Читаем Шехерезада полностью

— Исхак… — Касым с отвращением произнес это имя и неожиданно для самого себя не удержался, решил отыграться на нем, не видя иного выхода. — Не подумай, я общего мнения не разделяю, но он никому не нравится. И ему никто не нравится, кроме него самого. Всех презирает. Безнравственный человек.

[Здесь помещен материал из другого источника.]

(* If D acts nilpotently on an H-eigenvector, the last nonzero vector of its D-string is a
   lowest weight vector. *)
lemma lowest_weight_vector:
  assumes "v \<noteq> 0" and "H v = l *s v" and "(D ^^ m) v = 0"
  shows "\<exists>w \<mu>. w \<noteq> 0 \<and> H w = \<mu> *s w \<and> D w = 0"
  using assms
proof (induction m arbitrary: v l)
  case (Suc m)
  show ?case
  proof (cases "D v = 0")
    case False
    have "(D ^^ m) (D v) = 0" using Suc.prems(3) by (simp add: funpow_Suc_right del: funpow.simps)
    then show ?thesis using Suc.IH[OF False H_D_eigen[OF Suc.prems(2)]] by blast
  qed (use Suc.prems in blast)
qed simp

(* If D^m = 0, the module is finite-dimensional: the U-orbit of a lowest weight vector w
   spans it, and D U^k w = 0 for some k \<ge> 1 makes the orbit from k on span a submodule. *)
lemma fin_dim_D_pow_zero:
  assumes simple: "gdu_simple scale U D H"
    and w: "w \<noteq> 0" "H w = \<mu> *s w" "D w = 0"
    and Dm: "\<forall>x. (D ^^ m) x = 0"
  shows "fin_dim scale"
proof -
  define f where "f i = (U ^^ i) w" for i
  define d where "d = ud_up phi r s g \<mu> 0"
  have UDw: "U (D w) = 0 *s w" using w(3) by simp
  have Uf: "U (f i) = f (Suc i)" for i by (simp add: f_def)
  have Hf: "H (f i) = eig_up r g \<mu> i *s f i" for i
    unfolding f_def by (rule H_U_pow_eigen[OF w(2)])
  have Df: "D (f (Suc j)) = d (Suc j) *s f j" for j
    unfolding f_def d_def by (rule D_U_pow[OF w(2) UDw])
  have "(\<Prod>t<m. d (t + 1)) *s w = 0"
    using D_pow_U_pow[OF w(2) UDw, of m 0] Dm unfolding d_def by simp
  then obtain k where k: "0 < k" "d k = 0" using w(1) by auto
  have orbit: "a *s f i \<in> span (range f)" for a i by (intro span_scale span_base) simp
  have D_orbit: "D (f i) \<in> span (range f)" for i
    using Df orbit w(3) f_def by (cases i) (auto simp: span_zero)
  have "span (range f) = {0} \<or> span (range f) = UNIV"
    using Uf Hf orbit[of 1] orbit D_orbit by (intro simple_stable_span[OF simple]) auto
  moreover have "w \<in> span (range f)" using orbit[of 1 0] by (simp add: f_def)
  ultimately have spans: "span (range f) = UNIV" using w(1) by blast
  show ?thesis
  proof (cases "\<exists>N. f N \<in> span (f ` {..<N})")
    case True
    then show ?thesis
      using orbit_dependent_finite_span[OF hom_U] spans unfolding f_def fin_dim_def by blast
  next
    case False
    let ?tail = "f ` {k..}"
    have tail: "a *s f i \<in> span ?tail" if "i \<ge> k" for a i
      using that by (intro span_scale span_base) simp
    have U_tail: "U ` ?tail \<subseteq> span ?tail" and H_tail: "H ` ?tail \<subseteq> span ?tail"
      using Uf Hf tail[of _ 1] tail by auto
    have D_tail: "D ` ?tail \<subseteq> span ?tail"
    proof (rule image_subsetI)
      fix x assume "x \<in> ?tail"
      then obtain j where jk: "j \<ge> k" and x: "x = f j" by blast
      show "D x \<in> span ?tail"
      proof (cases "j = k")
        case True
        obtain i where "k = Suc i" using k(1) by (cases k) auto
        then show ?thesis using Df[of i] k(2) True x by (simp add: span_zero)
      next
        case False
        then obtain i where "j = Suc i" "i \<ge> k" using jk k(1) by (cases j) auto
        then show ?thesis using Df tail x by simp
      qed
    qed
    have "span ?tail = {0} \<or> span ?tail = UNIV"
      by (rule simple_stable_span[OF simple U_tail D_tail H_tail])
    moreover have "f k \<noteq> 0" using False by (metis span_zero)
    moreover have "f 0 \<notin> span ?tail"
      using triangular_head_not_in_tail_span[of f k] False k by blast
    ultimately show ?thesis by (auto intro: span_base)
  qed
qed

lemma fin_dim_D_pow_scalar:
  assumes simple: "gdu_simple scale U D H"
    and v: "v \<noteq> 0" "H v = l *s v" "U (D v) = b *s v"
    and m: "m \<ge> 1" and Dm: "\<forall>x. (D ^^ m) x = c *s x"
  shows "fin_dim scale"
proof (cases "c = 0")
  case True
  then obtain w \<mu> where "w \<noteq> 0" "H w = \<mu> *s w" "D w = 0"
    using lowest_weight_vector[OF v(1,2), of m] Dm by auto
  then show ?thesis using fin_dim_D_pow_zero[OF simple] Dm True by simp
qed (use fin_dim_D_pow_invertible[OF simple v m Dm] in simp)

lemma poly_op_smult: "a \<noteq> 0 \<Longrightarrow> poly_op scale (smult a p) F x = a *s poly_op scale p F x"
  unfolding poly_op_def by (simp add: degree_smult_eq scale_sum_right)

lemma swap_up_down: "du_module scale (smult (-1/s) phi) (1/r) (1/s) (-g/r) D U H"
proof unfold_locales
  fix x
  have "r *s (H (D x) - (1/r) *s D (H x)) = r *s ((-g/r) *s D x)"
    using rel_DH[of x] r_nz by (simp add: scale_right_diff_distrib algebra_simps)
  then show "H (D x) - (1/r) *s D (H x) = (-g/r) *s D x" by (rule scale_left_imp_eq[OF r_nz])
  have "r *s (U (H x) - (1/r) *s H (U x)) = r *s ((-g/r) *s U x)"
    using rel_HU[of x] r_nz by (simp add: scale_right_diff_distrib algebra_simps)
  then show "U (H x) - (1/r) *s H (U x) = (-g/r) *s U x" by (rule scale_left_imp_eq[OF r_nz])
  have "s *s (U (D x) - (1/s) *s D (U x)) = s *s ((-1/s) *s poly_op scale phi H x)"
    using rel_DU[of x] s_nz by (simp add: scale_right_diff_distrib algebra_simps)
  then have "U (D x) - (1/s) *s D (U x) = (-1/s) *s poly_op scale phi H x"
    by (rule scale_left_imp_eq[OF s_nz])
  then show "U (D x) - (1/s) *s D (U x) = poly_op scale (smult (-1/s) phi) H x"
    using poly_op_smult[of "-1/s" phi H x] s_nz by simp
qed (use U_add D_add H_add r_nz s_nz in auto)

end

lemma du_module_if_gdu_module:
  assumes "r * s \<noteq> 0" and "gdu_module phi r s g scale U D H"
  shows "du_module scale phi r s g U D H"
  using assms unfolding gdu_module_def du_module_def du_module_axioms_def linear_iff_module_hom
  by auto

theorem mainTheorem3:
  fixes phi :: "complex poly" and r s \<gamma> :: complex
    and scale :: "complex \<Rightarrow> 'v::ab_group_add \<Rightarrow> 'v"
    and U D H :: "'v \<Rightarrow> 'v"
  assumes "r * s \<noteq> 0"
    and "gdu_module phi r s \<gamma> scale U D H"
    and "gdu_simple scale U D H"
    and "\<exists>m\<ge>1. (\<exists>c. \<forall>v. (D ^^ m) v = scale c v) \<or> (\<exists>c. \<forall>v. (U ^^ m) v = scale c v)"
    and "\<exists>v. weight_vector scale U D H v"
  shows "fin_dim scale"
proof -
  interpret M: du_module scale phi r s \<gamma> U D H
    using assms(1,2) by (rule du_module_if_gdu_module)
  interpret M': du_module scale "smult (-1/s) phi" "1/r" "1/s" "-\<gamma>/r" D U H
    by (rule M.swap_up_down)
  obtain v l b where v: "v \<noteq> 0" "H v = scale l v" "U (D v) = scale b v"
    using assms(5) unfolding weight_vector_def by blast
  obtain m c where m: "m \<ge> 1"
    and "(\<forall>x. (D ^^ m) x = scale c x) \<or> (\<forall>x. (U ^^ m) x = scale c x)"
    using assms(4) by blast
  then consider "\<forall>x. (D ^^ m) x = scale c x" | "\<forall>x. (U ^^ m) x = scale c x" by blast
  then show ?thesis
  proof cases
    case 1
    then show ?thesis using M.fin_dim_D_pow_scalar[OF assms(3) v m] by blast
  next
    case 2
    have "gdu_simple scale D U H" using assms(3) unfolding gdu_simple_def by blast
    moreover have "D (U v) = scale (s * b + poly phi l) v" by (rule M.DU_eigen[OF v(2,3)])
    ultimately show ?thesis using M'.fin_dim_D_pow_scalar[OF _ v(1,2) _ m 2] by blast
  qed
qed

end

— Однако хорошо работает, правда?

— Ну, — промычал Касым, не в силах отрицать усердия, с каким этот мужчина нес наложенное на себя наказание. Когда отдавался приказ повернуть судно, Исхак скакал среди груза, как заяц, разворачивал рею, удерживал парус. Когда появлялись признаки течи, первым срывал обшивку, заливал в трещину льняное масло, нырял в воду, законопачивал корпус воском. Как будто ни о чем другом не мечтал. Как будто старался наверстать упущенное время. — Ну… — повторил Касым.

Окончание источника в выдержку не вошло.